We have a hard time even finding early humans from a million years back. Nevermind trying to find remnants of a human-ish dinosaur from 55 million years ago. Just isn't going to happen.
The only reason we find dinosaur bones at all is because they existed for many millions of years before they died out, giving them many millions of opportunities to leave fossils for us. Probably the odds of any dinosaur's skeleton surviving to the present were similar to the odds of winning the Power Ball Jackpot, but many, many, many dinosaurs lived and died.
If the human-like dinos were industrial for just a couple thousand years............. that's just plain too small a time period for there to be enough lottery winners.
how about octopi?
they'd live in the oceans.
they could have had the smarts .
the dino killer would have screwed up the oceans too.
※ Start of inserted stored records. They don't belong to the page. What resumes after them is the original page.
section \<open>Invertibility\<close>

text \<open>\<open>X\<close> can be replaced by \<open>Y\<close> as long as this is possible where \<open>X\<close> is principal; the bound
\<open>M\<close> on the sequents considered there lets that case use cuts below a fixed measure.\<close>

lemma replace_antecedent:
  assumes "G4iSLt (add_mset X \<Gamma>) c" and "sequent_measure (add_mset X \<Gamma>) c \<le> M"
    and "X \<noteq> Bot" "\<And>p. X \<noteq> Var p" "\<not> is_box X"
    and principal: "\<And>\<Gamma> c. sequent_measure (add_mset X \<Gamma>) c \<le> M \<Longrightarrow> left_premises G4iSLt X \<Gamma> c
      \<Longrightarrow> G4iSLt (Y + \<Gamma>) c"
  shows "G4iSLt (Y + \<Gamma>) c"
  using assms(1,2)
proof (induction "add_mset X \<Gamma>" c arbitrary: \<Gamma> rule: G4iSLt_uniform_induct)
  case (BotL c)
  then show ?case using assms(3) by (auto intro: G4iSLt_BotL_mem)
next
  case (IdP p)
  then show ?case using assms(4) by (auto intro: G4iSLt_IdP_mem)
next
  case (Left X' \<Delta> c)
  show ?case
  proof (cases "X' = X")
    case True
    with Left show ?thesis by (auto intro: principal elim!: left_premises_mono)
  next
    case False
    with Left.hyps(2) obtain K where K: "\<Delta> = {#X#} + K" "\<Gamma> = add_mset X' K"
      by (auto simp: add_eq_conv_ex)
    have bound: "m \<le> M" if "m < sequent_measure (add_mset X' \<Delta>) c" for m
      using that Left.prems K by (simp add: add_mset_commute)
    have "left_premises G4iSLt X' (Y + K) c"
      by (rule left_premises_transfer[OF left_premises_measure_less[OF Left.hyps(1)] K(1)])
        (use assms(4,5) in \<open>auto simp: bound intro: unbox_antecedents\<close>)
    then show ?thesis using K by (simp add: G4iSLt_left_rule)
  qed
next
  case (Right c)
  have "right_premises G4iSLt (Y + \<Gamma>) c"
    by (rule right_premises_transfer[OF right_premises_measure_less[OF Right.hyps],
          where Z="{#X#}"])
      (use Right.prems assms(5) in \<open>auto intro: unbox_antecedents\<close>)
  then show ?case by (rule G4iSLt_right_rule)
qed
originally posted by: Hanslune
originally posted by: bloodymarvelous
It's probably less effective at cutting wood, but there are cases from the Ice Age of sapiens using bones from Mammoth to build shelters, and tallow can keep a fire going. So dinosaur bones and fat could provide the rest of the building materials for our silurian erectus to thrive.
Dinosaurs were never a problem forhumans but other humans, other megafauna and particularly pack scavengers and mammal predators were a real threat to early man, along with snakes, etc.
I've cut wood with them but a blunt heavy stone (chert or flint) axes worked better in my estimation. A good river gobble stone. Actually for small trees smashing them worked too. Big trees? girdle them and wait.
The tool using Saurions could have been stuck in one place, unable to spread out.
originally posted by: Astyanax
a reply to: bloodymarvelous
I like the way you're thinking about this.
My old friend Hanslune (though dependable as ever as regards his facts and scholarship) is, I think, putting a little too much faith in the ability of archaeology and palaeontology to lay this question to rest. The past is far from an open book. And, as some ATSers love to say, absence of evidence is not evidence of absence.
The OP question is one serious scientists are asking, too.
Forget the Silurian Hypothesis or any other hypothesis that proposes the possible existence of a particular prehuman culture. That's looking at the question back to front.
The real question is: if a prehuman industrial civilization had existed on Earth, could we know it?
Hans says yes. You're saying maybe. Knowing what little I do about this, I would tend to agree with you.
Here's an article in Scientific American about some scientists' thoughts regarding that question.
An intelligent thread on ATS for once. Well, at least it shows flashes. Well done OP.
However, for a world wide civilization with an equal or higher technology - yes we would have detected it.